2.3. Cell population analysis by flow cytometry
Spinal cord, brain, and DLN were isolated from vehicle‐ and leonurine‐treated EAE mice on day 19 post immunization. Mononuclear cells (MNCs) were isolated from CNS (a mix of spinal cord and brain) of by 37%/70% Percoll (GE Healthcare, Chicago, IL, USA) centrifugation or from DLN with Ficoll (STEMCELL Technologies, Vancouver, BC, Canada) centrifugation.
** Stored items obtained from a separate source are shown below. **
(* Let $r_n:=|\mathfrak{A}_{2n+1}(2413,3142)|$ for $n\ge0$ and $R(x):=\sum_{n\ge1}r_nx^n$. Then $$R(x)=x(R(x)+1)^2+x(R(x)+1)^3.$$ Consequently $r_0=1$ and for $n\ge1$, $$r_n=\frac{2}{n}\sum_{i=0}^{n-1}2^i\binom{2n}{i}\binom{n}{i+1}.$$
   Context: $\mathfrak{A}_m(2413,3142)$ is the set of permutations $\pi$ of $[m]$ that are alternating (up-down), i.e. $\pi(1)<\pi(2)>\pi(3)<\pi(4)>\cdots$, and avoid both classical patterns $2413$ and $3142$. *)

theory Defs
  imports "HOL-Combinatorics.Permutations" "HOL-Computational_Algebra.Formal_Power_Series"
begin

definition alternating :: "nat \<Rightarrow> (nat \<Rightarrow> nat) \<Rightarrow> bool" where
  "alternating m p \<longleftrightarrow>
     (\<forall>i. 1 \<le> i \<and> i < m \<longrightarrow> (if odd i then p i < p (Suc i) else p i > p (Suc i)))"

definition contains_pattern :: "nat \<Rightarrow> (nat \<Rightarrow> nat) \<Rightarrow> nat list \<Rightarrow> bool" where
  "contains_pattern m p tau \<longleftrightarrow>
     (\<exists>f :: nat \<Rightarrow> nat. strict_mono_on {..<length tau} f \<and> f ` {..<length tau} \<subseteq> {1..m} \<and>
        (\<forall>a < length tau. \<forall>b < length tau. p (f a) < p (f b) \<longleftrightarrow> tau ! a < tau ! b))"

definition Alt_avoid :: "nat \<Rightarrow> (nat \<Rightarrow> nat) set" where
  "Alt_avoid m = {p. p permutes {1..m} \<and> alternating m p \<and>
      \<not> contains_pattern m p [2,4,1,3] \<and> \<not> contains_pattern m p [3,1,4,2]}"

definition r_seq :: "nat \<Rightarrow> nat" where
  "r_seq n = card (Alt_avoid (2 * n + 1))"

definition R_fps :: "int fps" where
  "R_fps = Abs_fps (\<lambda>n. if n = 0 then 0 else int (r_seq n))"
MNCs were incubated with antibodies to CD4, CD8, CXCR3, or CCR5. To detect the pathogenic IFN‐γ‐ and IL‐17‐producing CD4+ T cell populations, MNCs were stimulated with phorbol‐12‐myristate‐13‐acetate (50 ng/mL; Sigma) and ionomycin (500 ng/mL; Sigma) in the presence of Brefeldin A (BD Bioscience, San Diego, CA, USA) for 5 hours. After that, the cells were incubated with antibody to CD4 and then antibodies to IFN‐γ and IL‐17α. The detection of regulatory T (Treg) cell was carried out using the mouse Treg cell staining kit according to the manufacturer's instructions. Stained cells were analysed by flow cytometry on BD FACS Callibur (BD Bioscience). These used antibodies were from eBioscience (San Diego, CA, USA).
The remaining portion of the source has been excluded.